(Stored data entries)
%%

lemma zero_trace_count_if_constant:
  assumes const: "\<And>a. a \<noteq> 0 \<Longrightarrow> zero_trace_count a = c"
  shows "real c = real k / (real n - 1) * (real n / real q - 1)"
proof -
  have "(\<Sum>a\<in>UNIV. real (zero_trace_count a))
      = real (zero_trace_count 0) + (\<Sum>a\<in>UNIV - {0}. real (zero_trace_count a))"
    by (simp add: sum.remove)
  also have "(\<Sum>a\<in>UNIV - {0}. real (zero_trace_count a)) = (\<Sum>a\<in>UNIV - {0::'a}. real c)"
    by (rule sum.cong) (auto simp: const)
  also have "\<dots> = (real n - 1) * real c"
    using card_UNIV n_gt_3 by (simp add: card_Diff_singleton of_nat_diff)
  finally have "(real n - 1) * real c = real k * (real n / real q - 1)"
    using sum_zero_trace_count zero_trace_count_0 by (simp add: algebra_simps)
  moreover have "real n - 1 > 0" using n_gt_3 by (simp del: of_nat_power)
  ultimately show ?thesis by (simp add: field_simps)
qed

text \<open>
  If the zero-trace count were constant on \<open>F\<^sup>*\<close>, the hyperplane sums of the indicator of \<open>C\<^sub>0\<close>
  would be those of an affine combination of \<open>1\<close> and the point mass at \<open>0\<close>.
\<close>

lemma C0_eq_nonzero_if_zero_trace_count_constant:
  assumes const: "\<And>a. a \<noteq> 0 \<Longrightarrow> zero_trace_count a = c" and "x \<noteq> 0"
  shows "x \<in> C0"
proof -
  define t where "t = real k / (real n - 1)"
  have "real n - 1 > 0" using n_gt_3 by (simp del: of_nat_power)
  then have t: "t * (real n - 1) = real k" by (simp add: t_def)
  have c: "real c = t * (real n / real q - 1)"
    using zero_trace_count_if_constant[OF const] by (simp add: t_def)
  define g where "g v = t * 1 + (- t) * of_bool (v = 0)" for v :: 'a
  have "F1.hyperplane_sum (indicator C0) w = t * F1.hyperplane_sum (\<lambda>v. 1) w - t" for w
  proof (cases "w = 0")
    case True
    then show ?thesis using t
      by (simp add: hyperplane_sum_indicator_C0 F1.hyperplane_sum_1 card_UNIV zero_trace_count_0 algebra_simps)
  next
    case False
    then show ?thesis using const[OF False] c
      by (simp add: hyperplane_sum_indicator_C0 F1.hyperplane_sum_1 card_UNIV algebra_simps)
  qed
  moreover have "F1.hyperplane_sum g w = t * F1.hyperplane_sum (\<lambda>v. 1) w - t" for w
    unfolding g_def F1.hyperplane_sum_add F1.hyperplane_sum_cmult F1.hyperplane_sum_delta by simp
  ultimately have "F1.hyperplane_sum (indicator C0) w = F1.hyperplane_sum g w" for w by simp
  moreover have "F1.scale_invariant g" unfolding g_def
    by (intro F1.scale_invariant_add F1.scale_invariant_cmult F1.scale_invariant_const F1.scale_invariant_delta)
  ultimately have "indicator C0 v = g v" for v
    using F1.scale_invariant_hyperplane_sum_inject[OF scale_invariant_indicator_C0] by blast
  from this[of 1] this[of x] show ?thesis using \<open>x \<noteq> 0\<close> one_in_C0 by (simp add: g_def indicator_def)
qed

end

section \<open>Strongly regular \<open>Cay(F, C\<^sub>0)\<close>: the zero-trace count takes two values\<close>

lemma quadratic_roots_cases:
  fixes a b c x y z :: real
  assumes "a \<noteq> 0" and roots: "a * x^2 + b * x + c = 0" "a * y^2 + b * y + c = 0" "a * z^2 + b * z + c = 0"
    and "x \<noteq> y"
  shows "z = x \<or> z = y"
proof -
  have sum_of_roots: "a * (s + t) + b = 0" if "a * s^2 + b * s + c = 0" "a * t^2 + b * t + c = 0" "s \<noteq> t" for s t
  proof -
    have "(s - t) * (a * (s + t) + b) = (a * s^2 + b * s + c) - (a * t^2 + b * t + c)"
      by (simp add: algebra_simps power2_eq_square)
    then show ?thesis using that by simp
  qed
  show ?thesis
  proof (rule ccontr)
    assume "\<not> (z = x \<or> z = y)"
    then have "a * (x + y) + b = 0" "a * (x + z) + b = 0" using sum_of_roots roots \<open>x \<noteq> y\<close> by metis+
    then have "a * y = a * z" unfolding distrib_left by linarith
    then show False using \<open>a \<noteq> 0\<close> \<open>\<not> (z = x \<or> z = y)\<close> by simp
  qed
qed

locale srg_cyclotomic_class = cyclotomic_class +
  assumes srg_C0: "is_srg (UNIV :: 'a set) (cayley_adj (cyclo_C0 N \<omega>))"
begin

lemma srg_C0_parameters:
  obtains l u :: int where
    "\<And>x y. x \<noteq> y \<Longrightarrow> x - y \<in> C0 \<Longrightarrow> int (card {z. x - z \<in> C0 \<and> y - z \<in> C0}) = l"
    "\<And>x y. x \<noteq> y \<Longrightarrow> x - y \<notin> C0 \<Longrightarrow> int (card {z. x - z \<in> C0 \<and> y - z \<in> C0}) = u"
    "\<exists>x y. x \<noteq> y \<and> x - y \<notin> C0"
proof -
  obtain v k l u where "srg (UNIV :: 'a set) (cayley_adj C0) v k l u"
    using srg_C0 unfolding is_srg_def by blast
  then show ?thesis by (intro that[of l u]) (auto simp: srg_def cayley_adj_def)
qed

lemma convolution_indicator_C0_eq_card:
  "F1.convolution (indicator C0) (indicator C0) u = real (card {z. u - z \<in> C0 \<and> 0 - z \<in> C0})"
proof -
  have "{z. u - z \<in> C0 \<and> 0 - z \<in> C0} = (\<lambda>v. u - v) ` {v. v \<in> C0 \<and> u - v \<in> C0}"
  proof (rule set_eqI, rule iffI)
    fix z assume "z \<in> {z. u - z \<in> C0 \<and> 0 - z \<in> C0}"
    then have "u - z \<in> C0 \<and> u - (u - z) \<in> C0" using uminus_in_C0[of "0 - z"] by auto
    then show "z \<in> (\<lambda>v. u - v) ` {v. v \<in> C0 \<and> u - v \<in> C0}" by force
  qed (use uminus_in_C0 in fastforce)
  then have "card {z. u - z \<in> C0 \<and> 0 - z \<in> C0} = card {v. v \<in> C0 \<and> u - v \<in> C0}"
    by (simp add: card_image inj_on_def)
  then show ?thesis by (simp add: F1.convolution_def indicator_def Int_def)
qed

lemma convolution_indicator_C0:
  obtains l u :: real where
    "\<And>v. F1.convolution (indicator C0) (indicator C0) v
        = (real k - u) * of_bool (v = 0) + (l - u) * indicator C0 v + u * 1"
proof -
  obtain l u :: int where
    adj: "\<And>x y. x \<noteq> y \<Longrightarrow> x - y \<in> C0 \<Longrightarrow> int (card {z. x - z \<in> C0 \<and> y - z \<in> C0}) = l" and
    nonadj: "\<And>x y. x \<noteq> y \<Longrightarrow> x - y \<notin> C0 \<Longrightarrow> int (card {z. x - z \<in> C0 \<and> y - z \<in> C0}) = u"
    using srg_C0_parameters by metis
  have "{z. 0 - z \<in> C0 \<and> 0 - z \<in> C0} = uminus ` C0"
    using uminus_in_C0 by (auto simp: image_iff) (metis minus_minus)
  then have "card {z. 0 - z \<in> C0 \<and> 0 - z \<in> C0} = k" by (simp add: card_image)
  then have "F1.convolution (indicator C0) (indicator C0) v
      = (real k - of_int u) * of_bool (v = 0) + (of_int l - of_int u) * indicator C0 v + of_int u * 1" for v
    using adj[of v 0] nonadj[of v 0]
    by (cases "v = 0"; cases "v \<in> C0") (simp_all add: convolution_indicator_C0_eq_card indicator_def)
  then show ?thesis by (rule that)
qed

lemma zero_trace_count_quadratic:
  obtains L U :: real where
    "\<And>a. a \<noteq> 0 \<Longrightarrow> real (zero_trace_count a)^2 + (real k - real (zero_trace_count a))^2 / (real q - 1)
        = real k + L * real (zero_trace_count a) + U"
proof -
  obtain l u :: real where conv: "\<And>v. F1.convolution (indicator C0) (indicator C0) v
      = (real k - u) * of_bool (v = 0) + (l - u) * indicator C0 v + u * 1"
    using convolution_indicator_C0 by blast
  have "real (zero_trace_count a)^2 + (real k - real (zero_trace_count a))^2 / (real q - 1)
      = real k + (l - u) * real (zero_trace_count a) + (u * (real n / real q) - u)" if "a \<noteq> 0" for a
  proof -
    have "F1.hyperplane_sum (F1.convolution (indicator C0) (indicator C0)) a
        = (real k - u) + (l - u) * real (zero_trace_count a) + u * (real n / real q)"
      unfolding conv F1.hyperplane_sum_linear3 F1.hyperplane_sum_delta hyperplane_sum_indicator_C0 F1.hyperplane_sum_1
      using that card_UNIV by simp
    moreover have "F1.hyperplane_sum (F1.convolution (indicator C0) (indicator C0)) a
        = real (zero_trace_count a)^2 + (real k - real (zero_trace_count a))^2 / (real q - 1)"
      using F1.hyperplane_sum_convolution[OF scale_invariant_indicator_C0 scale_invariant_indicator_C0, of a]
      by (simp add: hyperplane_sum_indicator_C0 sum_indicator_C0 power2_eq_square)
    ultimately show ?thesis by simp
  qed
  then show ?thesis by (rule that)
qed

lemma zero_trace_count_two_values:
  assumes "a \<noteq> 0" "b \<noteq> 0" "c \<noteq> 0" "zero_trace_count a \<noteq> zero_trace_count b"
  shows "zero_trace_count c = zero_trace_count a \<or> zero_trace_count c = zero_trace_count b"
proof -
  obtain L U where quadratic: "\<And>a. a \<noteq> 0 \<Longrightarrow> real (zero_trace_count a)^2
      + (real k - real (zero_trace_count a))^2 / (real q - 1) = real k + L * real (zero_trace_count a) + U"
    using zero_trace_count_quadratic by blast
  define Q where "Q = real q - 1"
  have "Q > 0" using q_ge_2 by (simp add: Q_def)
  have root: "(Q + 1) * t^2 + (- (2 * real k + Q * L)) * t + (real k ^ 2 - Q * (real k + U)) = 0"
    if "t^2 + (real k - t)^2 / Q = real k + L * t + U" for t
  proof -
    have "Q * t^2 + (real k - t)^2 = Q * (real k + L * t + U)"
      using that \<open>Q > 0\<close> by (simp add: field_simps)
    then show ?thesis by (simp add: power2_eq_square algebra_simps)
  qed
  note roots = root[OF quadratic[folded Q_def]]
  have "Q + 1 \<noteq> 0" using \<open>Q > 0\<close> by simp
  from quadratic_roots_cases[OF this roots[OF assms(1)] roots[OF assms(2)] roots[OF assms(3)]]
  show ?thesis using assms(4) by simp
qed

lemma zero_trace_count_nonconstant: "\<exists>a. a \<noteq> 0 \<and> zero_trace_count a \<noteq> zero_trace_count 1"
proof (rule ccontr)
  assume "\<not> ?thesis"
  then have "x \<in> C0" if "x \<noteq> 0" for x
    using C0_eq_nonzero_if_zero_trace_count_constant[of "zero_trace_count 1"] that by blast
  moreover obtain x y :: 'a where "x \<noteq> y" "x - y \<notin> C0" using srg_C0_parameters by metis
  ultimately show False by simp
qed

abbreviation "h0 \<equiv> zero_trace_count 1"

definition h1 :: nat where
  "h1 = zero_trace_count (SOME a. a \<noteq> 0 \<and> zero_trace_count a \<noteq> h0)"

lemma h1: "\<exists>a. a \<noteq> 0 \<and> zero_trace_count a = h1" and h1_ne_h0: "h1 \<noteq> h0"
  using someI_ex[OF zero_trace_count_nonconstant] unfolding h1_def by auto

%%

Begin at the first line of the entries above and copy every line exactly, ending with the line that contains "text \<open>".

lemma zero_trace_count_if_constant:
  assumes const: "\<And>a. a \<noteq> 0 \<Longrightarrow> zero_trace_count a = c"
  shows "real c = real k / (real n - 1) * (real n / real q - 1)"
proof -
  have "(\<Sum>a\<in>UNIV. real (zero_trace_count a))
      = real (zero_trace_count 0) + (\<Sum>a\<in>UNIV - {0}. real (zero_trace_count a))"
    by (simp add: sum.remove)
  also have "(\<Sum>a\<in>UNIV - {0}. real (zero_trace_count a)) = (\<Sum>a\<in>UNIV - {0::'a}. real c)"
    by (rule sum.cong) (auto simp: const)
  also have "\<dots> = (real n - 1) * real c"
    using card_UNIV n_gt_3 by (simp add: card_Diff_singleton of_nat_diff)
  finally have "(real n - 1) * real c = real k * (real n / real q - 1)"
    using sum_zero_trace_count zero_trace_count_0 by (simp add: algebra_simps)
  moreover have "real n - 1 > 0" using n_gt_3 by (simp del: of_nat_power)
  ultimately show ?thesis by (simp add: field_simps)
qed

text \<open>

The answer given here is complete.